--- Given information ---
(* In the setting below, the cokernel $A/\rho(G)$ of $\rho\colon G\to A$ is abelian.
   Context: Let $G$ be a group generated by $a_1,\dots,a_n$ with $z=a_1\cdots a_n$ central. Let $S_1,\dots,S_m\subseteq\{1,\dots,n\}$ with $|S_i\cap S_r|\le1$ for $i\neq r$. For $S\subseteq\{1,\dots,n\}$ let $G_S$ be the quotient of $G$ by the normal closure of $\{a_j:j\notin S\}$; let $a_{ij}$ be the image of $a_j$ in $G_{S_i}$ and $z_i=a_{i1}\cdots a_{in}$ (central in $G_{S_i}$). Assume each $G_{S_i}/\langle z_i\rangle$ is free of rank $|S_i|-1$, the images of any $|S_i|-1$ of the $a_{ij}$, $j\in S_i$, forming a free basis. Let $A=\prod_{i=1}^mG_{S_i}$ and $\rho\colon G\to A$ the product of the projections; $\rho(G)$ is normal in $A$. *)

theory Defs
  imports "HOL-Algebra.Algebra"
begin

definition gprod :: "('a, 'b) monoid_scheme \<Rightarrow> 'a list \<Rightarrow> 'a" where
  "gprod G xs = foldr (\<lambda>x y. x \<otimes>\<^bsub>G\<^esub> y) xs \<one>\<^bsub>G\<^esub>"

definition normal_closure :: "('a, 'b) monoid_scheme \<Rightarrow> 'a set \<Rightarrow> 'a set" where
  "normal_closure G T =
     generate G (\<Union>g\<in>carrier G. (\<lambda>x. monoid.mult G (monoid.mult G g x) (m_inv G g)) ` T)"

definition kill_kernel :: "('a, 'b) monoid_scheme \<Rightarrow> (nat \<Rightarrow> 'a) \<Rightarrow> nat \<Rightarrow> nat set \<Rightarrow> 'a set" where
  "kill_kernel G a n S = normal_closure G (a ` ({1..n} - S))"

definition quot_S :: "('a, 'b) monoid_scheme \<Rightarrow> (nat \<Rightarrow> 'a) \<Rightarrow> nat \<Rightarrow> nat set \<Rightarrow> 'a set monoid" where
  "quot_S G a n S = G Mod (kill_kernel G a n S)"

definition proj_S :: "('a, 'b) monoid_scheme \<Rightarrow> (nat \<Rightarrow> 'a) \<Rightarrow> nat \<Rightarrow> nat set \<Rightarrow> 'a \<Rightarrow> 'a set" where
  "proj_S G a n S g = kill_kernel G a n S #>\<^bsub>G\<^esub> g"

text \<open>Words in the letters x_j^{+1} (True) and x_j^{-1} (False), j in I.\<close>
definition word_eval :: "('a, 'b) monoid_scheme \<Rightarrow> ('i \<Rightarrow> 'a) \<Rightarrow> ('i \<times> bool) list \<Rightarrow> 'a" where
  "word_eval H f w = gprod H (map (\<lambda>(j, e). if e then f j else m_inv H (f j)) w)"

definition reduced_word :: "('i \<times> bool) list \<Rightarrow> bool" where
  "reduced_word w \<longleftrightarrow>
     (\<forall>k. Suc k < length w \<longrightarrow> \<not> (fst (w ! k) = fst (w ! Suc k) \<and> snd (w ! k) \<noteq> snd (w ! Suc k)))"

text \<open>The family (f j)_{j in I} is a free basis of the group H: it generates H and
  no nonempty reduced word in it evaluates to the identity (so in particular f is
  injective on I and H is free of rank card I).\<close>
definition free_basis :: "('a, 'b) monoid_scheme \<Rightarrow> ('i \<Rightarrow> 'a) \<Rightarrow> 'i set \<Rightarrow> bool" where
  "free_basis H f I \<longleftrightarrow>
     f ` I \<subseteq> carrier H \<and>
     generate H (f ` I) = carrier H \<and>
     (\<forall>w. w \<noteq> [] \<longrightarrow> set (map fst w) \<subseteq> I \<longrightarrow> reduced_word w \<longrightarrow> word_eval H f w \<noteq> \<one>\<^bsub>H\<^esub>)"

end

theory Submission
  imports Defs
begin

...

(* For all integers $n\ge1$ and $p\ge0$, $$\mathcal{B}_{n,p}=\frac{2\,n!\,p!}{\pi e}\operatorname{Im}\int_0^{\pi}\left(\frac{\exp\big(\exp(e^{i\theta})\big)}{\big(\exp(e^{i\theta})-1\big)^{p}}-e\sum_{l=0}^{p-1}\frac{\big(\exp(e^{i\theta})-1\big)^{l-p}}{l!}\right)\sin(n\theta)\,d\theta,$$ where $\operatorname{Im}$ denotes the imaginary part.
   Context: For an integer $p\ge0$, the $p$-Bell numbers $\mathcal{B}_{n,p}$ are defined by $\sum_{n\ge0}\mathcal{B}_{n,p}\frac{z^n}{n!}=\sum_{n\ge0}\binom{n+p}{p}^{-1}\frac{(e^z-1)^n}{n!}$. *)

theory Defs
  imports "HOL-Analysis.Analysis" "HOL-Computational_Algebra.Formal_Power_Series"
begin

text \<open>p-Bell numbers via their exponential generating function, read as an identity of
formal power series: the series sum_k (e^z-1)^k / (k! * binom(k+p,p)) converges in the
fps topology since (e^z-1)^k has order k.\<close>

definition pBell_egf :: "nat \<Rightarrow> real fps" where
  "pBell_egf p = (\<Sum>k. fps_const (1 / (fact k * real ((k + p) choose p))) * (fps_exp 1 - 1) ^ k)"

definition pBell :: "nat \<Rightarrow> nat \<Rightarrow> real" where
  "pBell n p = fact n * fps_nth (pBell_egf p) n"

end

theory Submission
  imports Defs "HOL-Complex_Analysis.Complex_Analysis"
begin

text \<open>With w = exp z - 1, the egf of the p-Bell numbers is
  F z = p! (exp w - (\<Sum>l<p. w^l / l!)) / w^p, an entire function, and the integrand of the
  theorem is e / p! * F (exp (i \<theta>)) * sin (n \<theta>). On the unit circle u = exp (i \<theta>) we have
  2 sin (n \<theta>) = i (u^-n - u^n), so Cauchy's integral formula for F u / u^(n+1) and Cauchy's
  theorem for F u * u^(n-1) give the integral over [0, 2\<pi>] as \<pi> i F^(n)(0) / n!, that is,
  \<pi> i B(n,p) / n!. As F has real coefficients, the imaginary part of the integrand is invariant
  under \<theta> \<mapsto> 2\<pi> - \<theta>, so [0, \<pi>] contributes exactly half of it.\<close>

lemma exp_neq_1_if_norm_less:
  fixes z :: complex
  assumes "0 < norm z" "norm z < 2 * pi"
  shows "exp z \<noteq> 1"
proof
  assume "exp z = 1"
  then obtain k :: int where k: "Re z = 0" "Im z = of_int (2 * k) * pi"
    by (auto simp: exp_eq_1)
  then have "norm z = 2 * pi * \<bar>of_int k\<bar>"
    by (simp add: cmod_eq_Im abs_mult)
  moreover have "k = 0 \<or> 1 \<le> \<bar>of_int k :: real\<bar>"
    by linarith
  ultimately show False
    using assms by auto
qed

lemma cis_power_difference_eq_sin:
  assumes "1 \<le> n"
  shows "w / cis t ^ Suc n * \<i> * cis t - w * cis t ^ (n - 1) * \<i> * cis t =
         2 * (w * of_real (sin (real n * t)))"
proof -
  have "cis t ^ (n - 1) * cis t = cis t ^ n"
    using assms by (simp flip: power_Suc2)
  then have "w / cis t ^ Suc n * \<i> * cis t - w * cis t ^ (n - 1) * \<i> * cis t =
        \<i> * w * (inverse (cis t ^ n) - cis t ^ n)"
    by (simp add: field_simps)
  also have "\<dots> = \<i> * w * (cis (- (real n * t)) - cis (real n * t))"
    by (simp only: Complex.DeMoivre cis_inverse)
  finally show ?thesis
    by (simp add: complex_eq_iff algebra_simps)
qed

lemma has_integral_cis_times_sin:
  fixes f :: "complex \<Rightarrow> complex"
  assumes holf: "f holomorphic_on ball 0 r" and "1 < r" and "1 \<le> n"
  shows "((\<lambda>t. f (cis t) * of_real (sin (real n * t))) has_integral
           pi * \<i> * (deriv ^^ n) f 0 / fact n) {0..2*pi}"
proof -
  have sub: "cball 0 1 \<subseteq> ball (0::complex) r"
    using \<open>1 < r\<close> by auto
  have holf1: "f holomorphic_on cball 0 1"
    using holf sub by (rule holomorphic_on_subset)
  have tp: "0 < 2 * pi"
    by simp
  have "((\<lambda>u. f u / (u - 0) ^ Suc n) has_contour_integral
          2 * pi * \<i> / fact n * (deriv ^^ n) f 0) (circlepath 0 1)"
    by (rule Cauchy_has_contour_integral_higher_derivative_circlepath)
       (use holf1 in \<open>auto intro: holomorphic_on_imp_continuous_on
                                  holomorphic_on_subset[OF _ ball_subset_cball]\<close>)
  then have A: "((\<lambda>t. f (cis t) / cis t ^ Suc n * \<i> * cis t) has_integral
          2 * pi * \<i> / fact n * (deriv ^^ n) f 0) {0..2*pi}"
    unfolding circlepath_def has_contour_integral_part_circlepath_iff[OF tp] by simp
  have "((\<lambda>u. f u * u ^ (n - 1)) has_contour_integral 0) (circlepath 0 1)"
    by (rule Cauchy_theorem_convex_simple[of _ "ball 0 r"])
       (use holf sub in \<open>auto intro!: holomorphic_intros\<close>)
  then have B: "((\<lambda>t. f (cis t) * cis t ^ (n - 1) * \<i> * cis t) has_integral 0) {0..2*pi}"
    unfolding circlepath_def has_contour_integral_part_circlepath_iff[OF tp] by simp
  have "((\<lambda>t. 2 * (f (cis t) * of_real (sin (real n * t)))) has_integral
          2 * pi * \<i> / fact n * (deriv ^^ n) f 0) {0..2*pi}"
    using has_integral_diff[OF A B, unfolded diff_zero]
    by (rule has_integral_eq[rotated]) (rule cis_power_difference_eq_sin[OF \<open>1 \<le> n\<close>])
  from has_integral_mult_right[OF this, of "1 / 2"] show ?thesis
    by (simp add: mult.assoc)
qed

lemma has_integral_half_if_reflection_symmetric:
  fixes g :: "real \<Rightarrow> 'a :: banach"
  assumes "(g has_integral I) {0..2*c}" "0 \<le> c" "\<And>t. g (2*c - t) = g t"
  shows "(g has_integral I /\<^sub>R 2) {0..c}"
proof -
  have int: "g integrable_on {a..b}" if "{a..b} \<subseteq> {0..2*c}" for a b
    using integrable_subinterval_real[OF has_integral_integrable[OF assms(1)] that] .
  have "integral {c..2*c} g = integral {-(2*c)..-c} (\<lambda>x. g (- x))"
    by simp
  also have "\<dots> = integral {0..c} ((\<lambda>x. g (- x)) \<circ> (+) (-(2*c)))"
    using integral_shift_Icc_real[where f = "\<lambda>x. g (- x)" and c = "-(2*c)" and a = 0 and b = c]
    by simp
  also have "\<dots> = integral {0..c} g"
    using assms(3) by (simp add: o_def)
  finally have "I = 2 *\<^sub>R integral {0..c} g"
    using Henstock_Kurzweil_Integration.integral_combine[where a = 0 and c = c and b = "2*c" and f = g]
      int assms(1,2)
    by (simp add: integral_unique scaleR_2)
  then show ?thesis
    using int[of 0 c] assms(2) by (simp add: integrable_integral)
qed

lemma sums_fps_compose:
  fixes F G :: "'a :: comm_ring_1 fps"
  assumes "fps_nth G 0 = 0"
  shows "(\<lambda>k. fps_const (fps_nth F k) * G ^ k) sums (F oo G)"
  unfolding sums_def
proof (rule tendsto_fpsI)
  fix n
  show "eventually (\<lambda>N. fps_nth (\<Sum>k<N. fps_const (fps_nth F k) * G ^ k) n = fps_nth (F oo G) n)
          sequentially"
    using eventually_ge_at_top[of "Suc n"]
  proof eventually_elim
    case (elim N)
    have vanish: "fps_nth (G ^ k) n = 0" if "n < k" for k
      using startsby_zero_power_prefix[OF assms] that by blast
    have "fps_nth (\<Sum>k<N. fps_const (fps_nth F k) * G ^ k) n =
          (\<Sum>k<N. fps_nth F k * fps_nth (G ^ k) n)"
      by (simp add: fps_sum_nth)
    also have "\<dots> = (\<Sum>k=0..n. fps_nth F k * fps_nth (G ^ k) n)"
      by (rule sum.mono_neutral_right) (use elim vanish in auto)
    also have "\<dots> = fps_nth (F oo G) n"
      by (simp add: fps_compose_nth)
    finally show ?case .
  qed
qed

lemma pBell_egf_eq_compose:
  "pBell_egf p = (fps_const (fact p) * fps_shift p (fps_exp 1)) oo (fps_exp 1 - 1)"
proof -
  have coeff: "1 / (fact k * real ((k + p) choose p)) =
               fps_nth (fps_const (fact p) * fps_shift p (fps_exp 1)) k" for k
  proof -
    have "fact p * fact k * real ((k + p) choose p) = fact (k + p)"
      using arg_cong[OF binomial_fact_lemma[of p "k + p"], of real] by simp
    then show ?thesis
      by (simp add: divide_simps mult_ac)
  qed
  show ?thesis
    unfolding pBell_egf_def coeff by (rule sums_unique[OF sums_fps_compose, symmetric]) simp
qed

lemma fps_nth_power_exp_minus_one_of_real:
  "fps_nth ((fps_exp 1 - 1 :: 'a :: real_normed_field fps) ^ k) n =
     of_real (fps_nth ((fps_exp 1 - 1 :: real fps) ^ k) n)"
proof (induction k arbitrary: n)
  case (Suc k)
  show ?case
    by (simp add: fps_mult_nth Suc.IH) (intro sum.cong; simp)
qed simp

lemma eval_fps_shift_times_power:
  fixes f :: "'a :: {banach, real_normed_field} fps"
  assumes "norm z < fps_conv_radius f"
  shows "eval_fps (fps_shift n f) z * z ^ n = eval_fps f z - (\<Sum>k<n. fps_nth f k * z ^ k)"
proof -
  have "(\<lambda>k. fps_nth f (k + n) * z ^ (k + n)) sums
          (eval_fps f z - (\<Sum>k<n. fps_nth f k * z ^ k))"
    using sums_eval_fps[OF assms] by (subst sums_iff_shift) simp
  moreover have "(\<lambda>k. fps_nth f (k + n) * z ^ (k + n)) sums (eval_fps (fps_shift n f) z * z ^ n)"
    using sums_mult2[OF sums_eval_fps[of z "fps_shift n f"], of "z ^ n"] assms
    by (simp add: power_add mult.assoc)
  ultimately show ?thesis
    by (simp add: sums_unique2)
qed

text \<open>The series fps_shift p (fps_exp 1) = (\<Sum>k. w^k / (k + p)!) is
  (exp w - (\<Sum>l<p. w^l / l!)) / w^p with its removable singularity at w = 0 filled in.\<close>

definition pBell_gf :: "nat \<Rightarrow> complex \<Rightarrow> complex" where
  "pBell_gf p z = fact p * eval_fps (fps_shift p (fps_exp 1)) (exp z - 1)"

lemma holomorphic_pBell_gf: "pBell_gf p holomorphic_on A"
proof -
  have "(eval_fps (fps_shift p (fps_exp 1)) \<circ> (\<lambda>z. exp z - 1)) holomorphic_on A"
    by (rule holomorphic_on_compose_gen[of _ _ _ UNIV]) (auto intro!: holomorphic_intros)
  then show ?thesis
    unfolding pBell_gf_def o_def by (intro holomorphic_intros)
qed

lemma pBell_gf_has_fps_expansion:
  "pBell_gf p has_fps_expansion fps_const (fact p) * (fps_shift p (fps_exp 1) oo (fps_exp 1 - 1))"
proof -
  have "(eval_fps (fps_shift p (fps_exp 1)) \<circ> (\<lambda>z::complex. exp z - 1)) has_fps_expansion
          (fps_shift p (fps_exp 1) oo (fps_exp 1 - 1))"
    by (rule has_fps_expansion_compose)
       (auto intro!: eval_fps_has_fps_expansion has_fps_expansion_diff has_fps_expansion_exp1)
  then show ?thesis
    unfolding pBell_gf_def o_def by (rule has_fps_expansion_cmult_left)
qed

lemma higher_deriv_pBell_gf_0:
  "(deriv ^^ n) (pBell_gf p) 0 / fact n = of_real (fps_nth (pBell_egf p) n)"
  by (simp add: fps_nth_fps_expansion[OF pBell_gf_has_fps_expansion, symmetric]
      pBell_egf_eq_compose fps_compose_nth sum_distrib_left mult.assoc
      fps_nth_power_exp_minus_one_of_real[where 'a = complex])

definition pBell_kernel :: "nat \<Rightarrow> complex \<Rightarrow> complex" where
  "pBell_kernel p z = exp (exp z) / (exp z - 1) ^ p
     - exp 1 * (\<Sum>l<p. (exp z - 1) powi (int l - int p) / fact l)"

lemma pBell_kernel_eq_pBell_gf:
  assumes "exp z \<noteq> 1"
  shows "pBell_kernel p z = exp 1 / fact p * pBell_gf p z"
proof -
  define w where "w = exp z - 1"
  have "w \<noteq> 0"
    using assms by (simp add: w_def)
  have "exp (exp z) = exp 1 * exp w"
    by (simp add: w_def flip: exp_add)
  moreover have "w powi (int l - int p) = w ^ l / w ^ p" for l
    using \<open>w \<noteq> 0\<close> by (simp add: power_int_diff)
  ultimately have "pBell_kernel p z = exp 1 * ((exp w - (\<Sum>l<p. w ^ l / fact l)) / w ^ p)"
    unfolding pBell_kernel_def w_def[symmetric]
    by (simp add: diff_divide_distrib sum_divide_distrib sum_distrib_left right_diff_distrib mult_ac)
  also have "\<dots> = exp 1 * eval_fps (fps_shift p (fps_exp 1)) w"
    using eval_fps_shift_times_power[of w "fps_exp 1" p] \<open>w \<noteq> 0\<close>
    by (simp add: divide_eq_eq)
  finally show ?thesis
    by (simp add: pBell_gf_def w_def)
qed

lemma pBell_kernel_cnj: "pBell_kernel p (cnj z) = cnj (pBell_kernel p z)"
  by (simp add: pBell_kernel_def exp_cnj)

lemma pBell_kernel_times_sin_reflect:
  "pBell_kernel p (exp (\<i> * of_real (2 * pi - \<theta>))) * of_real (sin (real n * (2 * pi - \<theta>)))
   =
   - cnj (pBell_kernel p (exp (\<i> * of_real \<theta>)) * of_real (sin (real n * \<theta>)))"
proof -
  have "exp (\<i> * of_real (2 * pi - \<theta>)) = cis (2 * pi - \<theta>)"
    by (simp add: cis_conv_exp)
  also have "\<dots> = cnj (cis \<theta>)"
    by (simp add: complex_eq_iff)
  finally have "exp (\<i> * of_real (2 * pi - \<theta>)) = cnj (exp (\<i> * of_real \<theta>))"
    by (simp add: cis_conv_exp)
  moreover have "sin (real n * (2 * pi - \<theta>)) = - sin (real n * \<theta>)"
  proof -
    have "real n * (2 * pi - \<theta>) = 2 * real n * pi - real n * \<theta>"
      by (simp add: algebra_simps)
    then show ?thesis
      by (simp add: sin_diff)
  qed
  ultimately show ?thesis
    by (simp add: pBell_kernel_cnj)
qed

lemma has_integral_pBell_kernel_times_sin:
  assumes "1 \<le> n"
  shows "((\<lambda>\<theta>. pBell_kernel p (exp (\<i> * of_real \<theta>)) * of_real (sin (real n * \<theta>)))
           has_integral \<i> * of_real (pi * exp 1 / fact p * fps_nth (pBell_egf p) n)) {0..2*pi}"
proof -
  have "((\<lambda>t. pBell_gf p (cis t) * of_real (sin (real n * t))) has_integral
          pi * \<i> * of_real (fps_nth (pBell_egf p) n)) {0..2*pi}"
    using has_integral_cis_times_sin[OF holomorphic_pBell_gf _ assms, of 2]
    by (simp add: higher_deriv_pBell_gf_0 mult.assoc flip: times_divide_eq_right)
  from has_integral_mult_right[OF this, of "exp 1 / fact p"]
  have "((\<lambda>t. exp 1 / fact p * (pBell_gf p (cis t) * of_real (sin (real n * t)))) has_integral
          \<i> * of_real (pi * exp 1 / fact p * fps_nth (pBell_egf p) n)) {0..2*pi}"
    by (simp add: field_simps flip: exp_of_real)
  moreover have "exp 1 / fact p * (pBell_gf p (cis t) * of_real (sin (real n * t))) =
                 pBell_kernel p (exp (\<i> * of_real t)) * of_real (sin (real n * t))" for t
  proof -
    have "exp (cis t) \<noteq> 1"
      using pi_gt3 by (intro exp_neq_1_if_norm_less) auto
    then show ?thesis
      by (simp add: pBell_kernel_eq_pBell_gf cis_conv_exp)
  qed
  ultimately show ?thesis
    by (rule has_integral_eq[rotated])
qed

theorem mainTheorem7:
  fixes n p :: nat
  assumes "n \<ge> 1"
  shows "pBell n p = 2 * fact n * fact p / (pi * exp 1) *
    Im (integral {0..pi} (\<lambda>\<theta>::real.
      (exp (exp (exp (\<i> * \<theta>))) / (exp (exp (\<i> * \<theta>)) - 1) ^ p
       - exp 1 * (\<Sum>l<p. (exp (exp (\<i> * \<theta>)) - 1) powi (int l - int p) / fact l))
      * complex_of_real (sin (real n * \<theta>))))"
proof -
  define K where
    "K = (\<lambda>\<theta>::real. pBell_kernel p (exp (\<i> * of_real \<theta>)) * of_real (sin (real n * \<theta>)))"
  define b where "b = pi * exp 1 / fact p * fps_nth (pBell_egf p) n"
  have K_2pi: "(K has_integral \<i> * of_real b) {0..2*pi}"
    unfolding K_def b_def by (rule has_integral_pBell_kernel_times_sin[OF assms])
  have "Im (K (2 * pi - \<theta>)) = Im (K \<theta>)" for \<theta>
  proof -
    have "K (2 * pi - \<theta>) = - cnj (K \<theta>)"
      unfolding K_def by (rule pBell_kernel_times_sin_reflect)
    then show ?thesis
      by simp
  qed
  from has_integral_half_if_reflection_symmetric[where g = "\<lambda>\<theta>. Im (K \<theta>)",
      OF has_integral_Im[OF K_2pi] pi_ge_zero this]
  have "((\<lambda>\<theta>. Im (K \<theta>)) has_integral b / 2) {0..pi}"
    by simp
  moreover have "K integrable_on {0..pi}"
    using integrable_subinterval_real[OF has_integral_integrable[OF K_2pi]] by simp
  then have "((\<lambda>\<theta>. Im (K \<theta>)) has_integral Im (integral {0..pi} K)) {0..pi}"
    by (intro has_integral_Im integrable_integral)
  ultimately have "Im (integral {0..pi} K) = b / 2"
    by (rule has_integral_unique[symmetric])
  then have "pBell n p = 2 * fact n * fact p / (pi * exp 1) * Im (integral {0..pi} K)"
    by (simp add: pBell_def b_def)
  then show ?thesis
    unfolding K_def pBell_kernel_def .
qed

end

--- Exercise ---
Above are the records; from them, give again exactly the lines from the one containing "using assms(3) by (simp add: o_def)" to the one containing "using startsby_zero_power_prefix[OF assms]", both lines included, and nothing more.

--- Solution for this problem ---
    using assms(3) by (simp add: o_def)
  finally have "I = 2 *\<^sub>R integral {0..c} g"
    using Henstock_Kurzweil_Integration.integral_combine[where a = 0 and c = c and b = "2*c" and f = g]
      int assms(1,2)
    by (simp add: integral_unique scaleR_2)
  then show ?thesis
    using int[of 0 c] assms(2) by (simp add: integrable_integral)
qed

lemma sums_fps_compose:
  fixes F G :: "'a :: comm_ring_1 fps"
  assumes "fps_nth G 0 = 0"
  shows "(\<lambda>k. fps_const (fps_nth F k) * G ^ k) sums (F oo G)"
  unfolding sums_def
proof (rule tendsto_fpsI)
  fix n
  show "eventually (\<lambda>N. fps_nth (\<Sum>k<N. fps_const (fps_nth F k) * G ^ k) n = fps_nth (F oo G) n)
          sequentially"
    using eventually_ge_at_top[of "Suc n"]
  proof eventually_elim
    case (elim N)
    have vanish: "fps_nth (G ^ k) n = 0" if "n < k" for k
      using startsby_zero_power_prefix[OF assms] that by blast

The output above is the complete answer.